# Your task:
Determine how many lines in the records below include the word "symbols" and output that number alone.

[[ Supplied records, beginning ]]

(* Let $\kappa$ be a cardinal with $\kappa=\beth_\kappa$, let $\tau$ be a relational vocabulary with $|\tau|<\kappa$ and let $\beta$ be an ordinal. Then the relation between $\tau$-structures "$M$ and $N$ are such that player II has a winning strategy in $EF^{1,c,\beta}_\kappa(M,N)$" is transitive.
   Context: The game $EF^{1,c,\beta}_{\le\theta}(M,N)$ for a cardinal $\theta$: rounds $k=0,1,\dots$ with $\beta_{-1}=\beta$, $\pi_{-1}=\emptyset$; in round $k$, player I chooses an ordinal $\beta_k<\beta_{k-1}$ and a set $A_k$ of size $\le\theta$ contained in $M$ or in $N$; player II chooses $f_k:A_k\to\omega$; I chooses $n_k<\omega$; II must choose a partial isomorphism $\pi_k\supseteq\pi_{k-1}$ from $M$ to $N$ whose domain (if $A_k\subseteq M$), resp. range (if $A_k\subseteq N$), contains $f_k^{-1}(n_k)$. The play ends after the round in which $\beta_k=0$; II wins if she can always make her moves. The game $EF^{1,c,\beta}_\kappa(M,N)$: I first chooses a cardinal $\theta<\kappa$, then $EF^{1,c,\beta}_{\le\theta}(M,N)$ is played. *)

theory Defs
  imports Main
begin

text \<open>Cardinals are represented as cardinalities of sets (card_of A, compared with
  ordLeq2 / ordLess2 / ordIso2 from the BNF cardinal library in Main).
  Ordinals are represented by elements of well-ordered types, or by well-order relations.\<close>

definition wo_lt :: "'i rel \<Rightarrow> 'i \<Rightarrow> 'i \<Rightarrow> bool" where
  "wo_lt r x y \<longleftrightarrow> (x, y) \<in> r \<and> x \<noteq> y"

text \<open>Beth assignment along a well-order r: B i is a set of cardinality beth_i,
  where i is (the ordinal of) the position of i in r.\<close>
definition beth_on :: "'i rel \<Rightarrow> ('i \<Rightarrow> 'u set) \<Rightarrow> bool" where
  "beth_on r B \<longleftrightarrow> (\<forall>i\<in>Field r.
     (if \<not> (\<exists>j. wo_lt r j i) then ordIso2 (card_of (B i)) (card_of (UNIV :: nat set))
      else if (\<exists>j. wo_lt r j i \<and> \<not> (\<exists>k. wo_lt r j k \<and> wo_lt r k i))
      then (\<forall>j. wo_lt r j i \<and> \<not> (\<exists>k. wo_lt r j k \<and> wo_lt r k i)
                \<longrightarrow> ordIso2 (card_of (B i)) (card_of (Pow (B j))))
      else (\<forall>j. wo_lt r j i \<longrightarrow> ordLeq2 (card_of (B j)) (card_of (B i))) \<and>
           (\<forall>C :: 'u set. (\<forall>j. wo_lt r j i \<longrightarrow> ordLeq2 (card_of (B j)) (card_of C))
                \<longrightarrow> ordLeq2 (card_of (B i)) (card_of C))))"

definition wo_plus_one :: "'i rel \<Rightarrow> ('i option) rel" where
  "wo_plus_one r = map_prod Some Some ` r \<union> {(x, None) | x. x \<in> Some ` Field r \<union> {None}}"

text \<open>kappa = beth_kappa, for kappa = |K|: card_of K is a well-order of order type kappa
  (the initial ordinal), so wo_plus_one (card_of K) has order type kappa + 1 with top None.\<close>
definition beth_fixed :: "'k set \<Rightarrow> bool" where
  "beth_fixed K \<longleftrightarrow> (\<exists>B :: 'k option \<Rightarrow> 'k set.
      beth_on (wo_plus_one (card_of K)) B \<and> ordIso2 (card_of (B None)) (card_of K))"

text \<open>Relational vocabulary: symbols Sig with arities ar. A structure is a
  (nonempty) domain together with interpretations of the relation symbols.\<close>
type_synonym ('s, 'a) struc = "'a set \<times> ('s \<Rightarrow> 'a list set)"

definition is_struc :: "'s set \<Rightarrow> ('s \<Rightarrow> nat) \<Rightarrow> ('s, 'a) struc \<Rightarrow> bool" where
  "is_struc Sig ar M \<longleftrightarrow> fst M \<noteq> {} \<and>
     (\<forall>R\<in>Sig. snd M R \<subseteq> {xs. length xs = ar R \<and> set xs \<subseteq> fst M})"

definition partial_iso :: "'s set \<Rightarrow> ('s, 'a) struc \<Rightarrow> ('s, 'b) struc \<Rightarrow> ('a \<rightharpoonup> 'b) \<Rightarrow> bool" where
  "partial_iso Sig M N p \<longleftrightarrow> dom p \<subseteq> fst M \<and> ran p \<subseteq> fst N \<and> inj_on p (dom p) \<and>
     (\<forall>R\<in>Sig. \<forall>xs. set xs \<subseteq> dom p \<longrightarrow> (xs \<in> snd M R \<longleftrightarrow> map (the \<circ> p) xs \<in> snd N R))"

text \<open>A history of player I's moves: per round (beta_k, A_k, n_k). Sets A_k are
  tagged: A_k \<subseteq> Inl ` dom M (a subset of M) or A_k \<subseteq> Inr ` dom N (a subset of N).
  The size bound theta is represented as card_of T.\<close>
definition EF_legal :: "'o::wellorder \<Rightarrow> 'a set \<Rightarrow> 'b set \<Rightarrow> 't set
    \<Rightarrow> ('o \<times> ('a + 'b) set \<times> nat) list \<Rightarrow> bool" where
  "EF_legal \<beta> DM DN T ms \<longleftrightarrow> (\<forall>i<length ms.
     fst (ms ! i) < (if i = 0 then \<beta> else fst (ms ! (i - 1))) \<and>
     (fst (snd (ms ! i)) \<subseteq> Inl ` DM \<or> fst (snd (ms ! i)) \<subseteq> Inr ` DN) \<and>
     ordLeq2 (card_of (fst (snd (ms ! i)))) (card_of T))"

text \<open>Player II has a winning strategy in EF^{1,c,beta}_{<= theta}(M,N), theta = |T|.
  A strategy of II: sf gives f_k from I's previous moves and (beta_k, A_k);
  sp gives pi_k from I's previous moves, (beta_k, A_k) and n_k.\<close>
definition EF_le_II_wins :: "'s set \<Rightarrow> 't set \<Rightarrow> 'o::wellorder
    \<Rightarrow> ('s, 'a) struc \<Rightarrow> ('s, 'b) struc \<Rightarrow> bool" where
  "EF_le_II_wins Sig T \<beta> M N \<longleftrightarrow>
    (\<exists>(sf :: ('o \<times> ('a + 'b) set \<times> nat) list \<Rightarrow> 'o \<Rightarrow> ('a + 'b) set \<Rightarrow> ('a + 'b \<Rightarrow> nat))
      (sp :: ('o \<times> ('a + 'b) set \<times> nat) list \<Rightarrow> 'o \<Rightarrow> ('a + 'b) set \<Rightarrow> nat \<Rightarrow> ('a \<rightharpoonup> 'b)).
      \<forall>ms. EF_legal \<beta> (fst M) (fst N) T ms \<longrightarrow>
        (\<forall>k<length ms.
          (let (\<gamma>, A, n) = ms ! k;
               f = sf (take k ms) \<gamma> A;
               p = sp (take k ms) \<gamma> A n;
               p0 = (if k = 0 then Map.empty
                     else (case ms ! (k - 1) of (\<gamma>', A', n') \<Rightarrow> sp (take (k - 1) ms) \<gamma>' A' n'))
           in partial_iso Sig M N p \<and> p0 \<subseteq>\<^sub>m p \<and>
              (A \<subseteq> Inl ` fst M \<longrightarrow> {a. Inl a \<in> A \<and> f (Inl a) = n} \<subseteq> dom p) \<and>
              (A \<subseteq> Inr ` fst N \<longrightarrow> {b. Inr b \<in> A \<and> f (Inr b) = n} \<subseteq> ran p))))"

[[ Supplied records, end ]]

# The completed task:
2